Remember when you first noticed Russia on the map and thought “ Woah- that’s big”? Imagine a floating plastic vortex in the North Pacific the same size, but growing due to our addiction to plastic. Not to say there’s a shady subculture of people pumping plastic into their veins or lungs, but rather a broad daylight epidemic much like our infatuation with sugar.
I know Halloween just passed, but let me spook you some more.
The Great Pacific garbage patch, AKA The Pacific Trash Vortex ( a better title to punch the message through), is made of chemical sludge and debris from disintegrating plastic waste- parts of your friendly water bottle that saved you at your first summertime festival could be there now too. As avalanches of yesterday’s waste crash off landfills and beeping trucks dump the evidence of our disposable lifestyle by the hour into our oceans, WALL-E (2008) doesn’t seem so dramatic anymore. It’s no surprise that plastic is at every level of the oceanic food chain now. And if that doesn’t make you squirm a little, check out the insides of our innocent victims:
Looking like the inside of a street bin, this plastic plague takes the lives of 1 million seabirds and 100 million other sea creatures a year. I preach because I care, and I think you should too.
But it’s not like this epidemic is going untreated; we’re not all monsters- surprisingly.
With Germany’s Deposit Return Scheme (DRS) offering consumers a 10% refund on all returned plastic bottles, even mammoth countries like Australia are planning to adopt the same ocean-saving method from June 2018.
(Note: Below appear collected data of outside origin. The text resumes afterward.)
lemma sum_mangoldt_inv_mult_log_sq_le_tail:
  fixes L :: real and F :: "nat set"
  assumes L: "ln 2 \<le> L" and F: "finite F" "F \<subseteq> {2..}" and K: "2 \<le> K"
  defines "c \<equiv> L + 1/4"
  shows "(\<Sum>q\<in>F. mangoldt q / (real q * (L + ln (real q))^2))
           \<le> log_sum_majorant L + (\<Sum>q\<in>F. mangoldt q / real q) * inv_log_sq c (real K)"
proof -
  have c: "0 < c" unfolding c_def using L ln2_ge_two_thirds by linarith
  obtain Q where Q: "\<And>q. q \<in> F \<Longrightarrow> q \<le> Q" using F(1) finite_nat_set_iff_bounded_le by auto
  have "(\<Sum>q\<in>F. mangoldt q / (real q * (L + ln (real q))^2))
      \<le> (\<Sum>q\<in>F. mangoldt q * ((\<Sum>k\<in>{1..<K}. inv_log_sq_slope c (real (q * k)))
                                   + inv_log_sq c (real K) / real q))"
  proof (intro sum_mono)
    fix q assume "q \<in> F"
    then have "1 / (real q * (L + ln (real q))^2)
        \<le> (\<Sum>k\<in>{1..<K}. inv_log_sq_slope c (real (q * k))) + inv_log_sq c (real K) / real q"
      using inv_mult_log_sq_le_sum_slope[OF L _ K, of "real q"] F by (auto simp: c_def)
    from mult_left_mono[OF this mangoldt_nonneg]
    show "mangoldt q / (real q * (L + ln (real q))^2)
        \<le> mangoldt q * ((\<Sum>k\<in>{1..<K}. inv_log_sq_slope c (real (q * k)))
                          + inv_log_sq c (real K) / real q)"
      by simp
  qed
  also have "\<dots> = (\<Sum>q\<in>F. mangoldt q * (\<Sum>k\<in>{1..<K}. inv_log_sq_slope c (real (q * k))))
                  + (\<Sum>q\<in>F. mangoldt q / real q) * inv_log_sq c (real K)"
    by (simp add: ring_distribs sum.distrib sum_distrib_right)
  also have "\<dots> \<le> (\<Sum>n\<in>{1..Q * K}. ln (real n) * inv_log_sq_slope c (real n))
                  + (\<Sum>q\<in>F. mangoldt q / real q) * inv_log_sq c (real K)"
    using F Q inv_log_sq_slope_nonneg[OF c]
    by (intro add_right_mono sum_mangoldt_multiples_le) auto
  also have "\<dots> \<le> log_sum_majorant L + (\<Sum>q\<in>F. mangoldt q / real q) * inv_log_sq c (real K)"
    using sum_ln_mult_slope_le[OF c] by (simp add: log_sum_majorant_def c_def)
  finally show ?thesis .
qed

lemma sum_mangoldt_inv_mult_log_sq_le:
  fixes L :: real and F :: "nat set"
  assumes L: "ln 2 \<le> L" and F: "finite F" "F \<subseteq> {2..}"
  shows "(\<Sum>q\<in>F. mangoldt q / (real q * (L + ln (real q))^2)) \<le> log_sum_majorant L"
proof (rule LIMSEQ_le_const)
  define C where "C = (\<Sum>q\<in>F. mangoldt q / real q)"
  have "(\<lambda>K. C * inv_log_sq (L + 1/4) (real K)) \<longlonglongrightarrow> 0"
    unfolding inv_log_sq_def by real_asymp
  then show "(\<lambda>K. log_sum_majorant L + C * inv_log_sq (L + 1/4) (real K)) \<longlonglongrightarrow> log_sum_majorant L"
    using tendsto_add[OF tendsto_const, of _ 0 sequentially "log_sum_majorant L"] by simp
  show "\<exists>N. \<forall>K\<ge>N. (\<Sum>q\<in>F. mangoldt q / (real q * (L + ln (real q))^2))
      \<le> log_sum_majorant L + C * inv_log_sq (L + 1/4) (real K)"
    using sum_mangoldt_inv_mult_log_sq_le_tail[OF L F] unfolding C_def by blast
qed

section \<open>The numerical inequality\<close>

lemma ln3_ge_109_over_100: "109/100 \<le> ln (3::real)"
  and ln3_le_11_over_10: "ln (3::real) \<le> 11/10"
  using ln_approx_bounds[of 3 3] by (simp_all add: eval_nat_numeral)

lemma ln2_ge_69_over_100: "69/100 \<le> ln (2::real)"
  using ln_approx_bounds[of 2 2] by (simp add: eval_nat_numeral)

lemma ln2_term_le:
  fixes a c :: real
  assumes a: "69/100 \<le> a" and c: "1/4 \<le> c"
  shows "4 * (c - 1/4) * (a / (c + a)^3) \<le> 1/c - 94/100 / (c * (c + 69/100))"
proof -
  define e f where "e = c + a" and "f = c + 69/100"
  have pos: "0 < c" "0 < e" "0 < f" using a c by (simp_all add: e_def f_def)
  have amgm: "4 * a * c \<le> e^2"
    using sum_squares_ge_zero[of "c - a" 0] by (simp add: e_def power2_eq_square algebra_simps)
  have "4 * (c - 1/4) * (a / e^3) = (c - 1/4) / (c * e) * (4 * a * c / e^2)"
    using pos by (simp add: field_simps power2_eq_square power3_eq_cube)
  also have "\<dots> \<le> (c - 1/4) / (c * e)"
    using amgm pos c by (intro mult_left_le) (simp_all add: divide_le_eq)
  also have "(c - 1/4) / (c * e) = e / (c * e) - (1/4 + a) / (c * e)"
    unfolding diff_divide_distrib[symmetric] by (simp add: e_def)
  also have "\<dots> \<le> 1/c - 94/100 / (c * f)"
  proof -
    have "(1/4 + a) * f - 94/100 * e = (a - 69/100) * (c - 1/4)"
      by (simp add: e_def f_def field_simps)
    moreover have "0 \<le> (a - 69/100) * (c - 1/4)" using a c by simp
    ultimately have "94/100 * e \<le> (1/4 + a) * f" by linarith
    then have "94/100 / (c * f) \<le> (1/4 + a) / (c * e)"
      using pos by (simp add: divide_simps mult.commute mult.left_commute)
    then show ?thesis using pos by simp
  qed
  finally show ?thesis by (simp add: e_def f_def)
qed

lemma ln3_term_ge:
  fixes b c :: real
  assumes b: "109/100 \<le> b" "b \<le> 11/10" and c: "0 < c"
  shows "(46/100 * c + 129/100) / (c * (c + 11/10)^3)
           \<le> b^2 / (c * (c + b)^2) - 2 * b / (3 * (c + b)^3)"
proof -
  have cb: "0 < c + b" using b c by simp
  have "b^2 / (c * (c + b)^2) - 2 * b / (3 * (c + b)^3)
      = ((b * b - 2 * b / 3) * c + b * b * b) / (c * (c + b)^3)"
  proof -
    define e where "e = c + b"
    have cb: "0 < e" using cb by (simp add: e_def)
    have "b^2 / (c * e^2) - 2 * b / (3 * e^3) = (b * (b * e - 2 * c / 3)) / (c * e^3)"
      using cb c by (simp add: e_def[symmetric] field_simps power2_eq_square power3_eq_cube)
    moreover have "b * (b * e - 2 * c / 3) = (b * b - 2 * b / 3) * c + b * b * b"
      by (simp add: e_def algebra_simps)
    ultimately show ?thesis by (simp add: e_def)
  qed
  moreover have "(46/100 * c + 129/100) / (c * (c + 11/10)^3)
      \<le> ((b * b - 2 * b / 3) * c + b * b * b) / (c * (c + b)^3)"
  proof (rule frac_le)
    have "109/100 * (109/100 - 2/3) \<le> b * (b - 2/3)" using b by (intro mult_mono) simp_all
    moreover have "(109/100) * (109/100) * (109/100) \<le> b * b * b" using b by (intro mult_mono) simp_all
    ultimately show "46/100 * c + 129/100 \<le> (b * b - 2 * b / 3) * c + b * b * b"
      using c mult_right_mono[of "46/100" "b * b - 2 * b / 3" c]
      by (simp add: algebra_simps)
    then show "0 \<le> (b * b - 2 * b / 3) * c + b * b * b" using c by linarith
    show "0 < c * (c + b)^3" using b c by simp
    show "c * (c + b)^3 \<le> c * (c + 11/10)^3" using b c by (intro mult_left_mono power_mono) simp_all
  qed
  ultimately show ?thesis by simp
qed

lemma inverse_taylor_le_rational:
  fixes L c :: real
  assumes L: "69/100 \<le> L" and c: "c = L + 1/4"
  shows "1 / (L + L^2/2)
           \<le> 94/100 / (c * (c + 69/100)) + 4 * L * ((46/100 * c + 129/100) / (c * (c + 11/10)^3))"
proof -
  define t where "t = L - 69/100"
  define u z where "u = c + 69/100" and "z = c + 11/10"
  define N where "N = 94/100 * z^3 + 4 * L * (46/100 * c + 129/100) * u"
  define D where "D = c * u * z^3"
  have pos: "0 < c" "0 < u" "0 < z" "0 < L + L^2/2"
    using L by (simp_all add: c u_def z_def add_pos_nonneg)
  have "0 \<le> 99340706619/62500000000 + t*(33200258277/2500000000 + t*(598743697/25000000
      + t*(16309023/1000000 + t*(22319/5000 + t*(39/100)))))"
    using L by (simp add: t_def)
  moreover have "(L + L^2/2) * N - D
      = 99340706619/62500000000 + t*(33200258277/2500000000 + t*(598743697/25000000
          + t*(16309023/1000000 + t*(22319/5000 + t*(39/100)))))"
    by (simp add: N_def D_def u_def z_def c t_def field_simps power2_eq_square power3_eq_cube)
  ultimately have "D \<le> N * (L + L^2/2)" by (simp add: algebra_simps)
  then have "1 / (L + L^2/2) \<le> N / D"
    using pos by (simp add: D_def divide_simps)
  also have "N / D = 94/100 / (c * u) + 4 * L * ((46/100 * c + 129/100) / (c * z^3))"
    using pos by (simp add: N_def D_def field_simps)
  finally show ?thesis by (simp add: u_def z_def)
qed

lemma majorant_add_correction_le:
  fixes L :: real
  assumes L: "ln 2 \<le> L"
  shows "log_sum_majorant L + 1 / (4 * L * (L + L^2/2)) \<le> 1 / L"
proof -
  define a b c where "a = ln (2::real)" and "b = ln (3::real)" and "c = L + 1/4"
  define A H where "A = a / (c + a)^3" and "H = b^2 / (c * (c + b)^2) - 2 * b / (3 * (c + b)^3)"
  have a: "69/100 \<le> a" using ln2_ge_69_over_100 by (simp add: a_def)
  have b: "109/100 \<le> b" "b \<le> 11/10" using ln3_ge_109_over_100 ln3_le_11_over_10 by (simp_all add: b_def)
  have L69: "69/100 \<le> L" using a L by (simp add: a_def)
  have "4 * L * ((46/100 * c + 129/100) / (c * (c + 11/10)^3)) \<le> 4 * L * H"
    using ln3_term_ge[OF b, of c] L69 unfolding H_def c_def by (intro mult_left_mono) simp_all
  then have "1 / (L + L^2/2) \<le> (1/c - 4 * L * A) + 4 * L * H"
    using inverse_taylor_le_rational[OF L69 c_def] ln2_term_le[OF a, of c] L69
    by (simp add: A_def c_def)
  then have "(1 / (L + L^2/2)) / (4 * L) \<le> ((1/c - 4 * L * A) + 4 * L * H) / (4 * L)"
    using L69 by (intro divide_right_mono) simp_all
  moreover have "((1/c - 4 * L * A) + 4 * L * H) / (4 * L) = 1 / (4 * L * c) - A + H"
    using L69 by (simp add: field_simps)
  ultimately have "1 / (4 * L * (L + L^2/2)) \<le> 1 / (4 * L * c) - A + H"
    by (simp add: mult.commute)
  moreover have "1 / L = 1 / (4 * L * c) + b^2 / (c * (c + b)^2) + (c + 2 * b) / (c + b)^2"
  proof -
    have pos: "0 < L" "0 < c" "0 < c + b" using L69 b by (simp_all add: c_def)
    have "1 / L - 1 / c = (c - L) / (L * c)" using pos by (simp add: field_simps)
    moreover have "1 / c - (c + 2 * b) / (c + b)^2 = ((c + b)^2 - c * (c + 2 * b)) / (c * (c + b)^2)"
      using pos by (simp add: diff_frac_eq)
    moreover have "(c + b)^2 - c * (c + 2 * b) = b^2" by (simp add: power2_eq_square algebra_simps)
    ultimately show ?thesis by (simp add: c_def)
  qed
  ultimately show ?thesis
    by (simp add: log_sum_majorant_def inv_log_sq_slope_def log_ratio_sq_def A_def H_def a_def b_def c_def)
qed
However, us in the UK with our temperamental weather have drawn a cloud over such schemes. The inevitable concern for financial loss over kerbside recycling, if such schemes are ever pushed through legislation, means a nationwide solution is going to take a long, long time.
Even the hero-without-a-cape, Boyan Slat, the 21-year-old founder of The Ocean Cleanup, still faces mountains of legal paperwork and a government nitpicking extravaganza for his revolutionary idea to create a machine to vacuum and filter the toxic plastic soup.
Bureaucracy has always been mad. So that’s why we have to start the change ourselves.
You don’t have to dread your hair or wear hemp clothing. It’s a matter of rethinking everyday habits that involve disposable plastic:
- Trust that you don’t need that straw for your drink.
- Replace water bottles and coffee cups with a swanky glass/metal travelling companion.
- Take the initiative to refuse single serving packaging and utensils- if there’s no silverware then obviously don’t starve yourself! Be a Joey in life and carry around that useful fork in case food surprises you along the way.
- Try not to be that person who came up with packaged and peeled satsumas in Whole Foods. *rolls eyes indefinitely*
- And the obvious....RECYCLE!
Even if it means a few more steps to the other side of the room or street- fluffy baby seabirds, singing whales, your favorite calamari dish and the future of our blue planet depends on it.
We can stop the broken record of people like me saying to you “Did you know in the last ten years we’ve produced more plastic than in the entire century?” by actually doing something about it. Why not do our dear Sir David Attenborough proud and reduce the harm on the beauty he presents in his programmes, eh?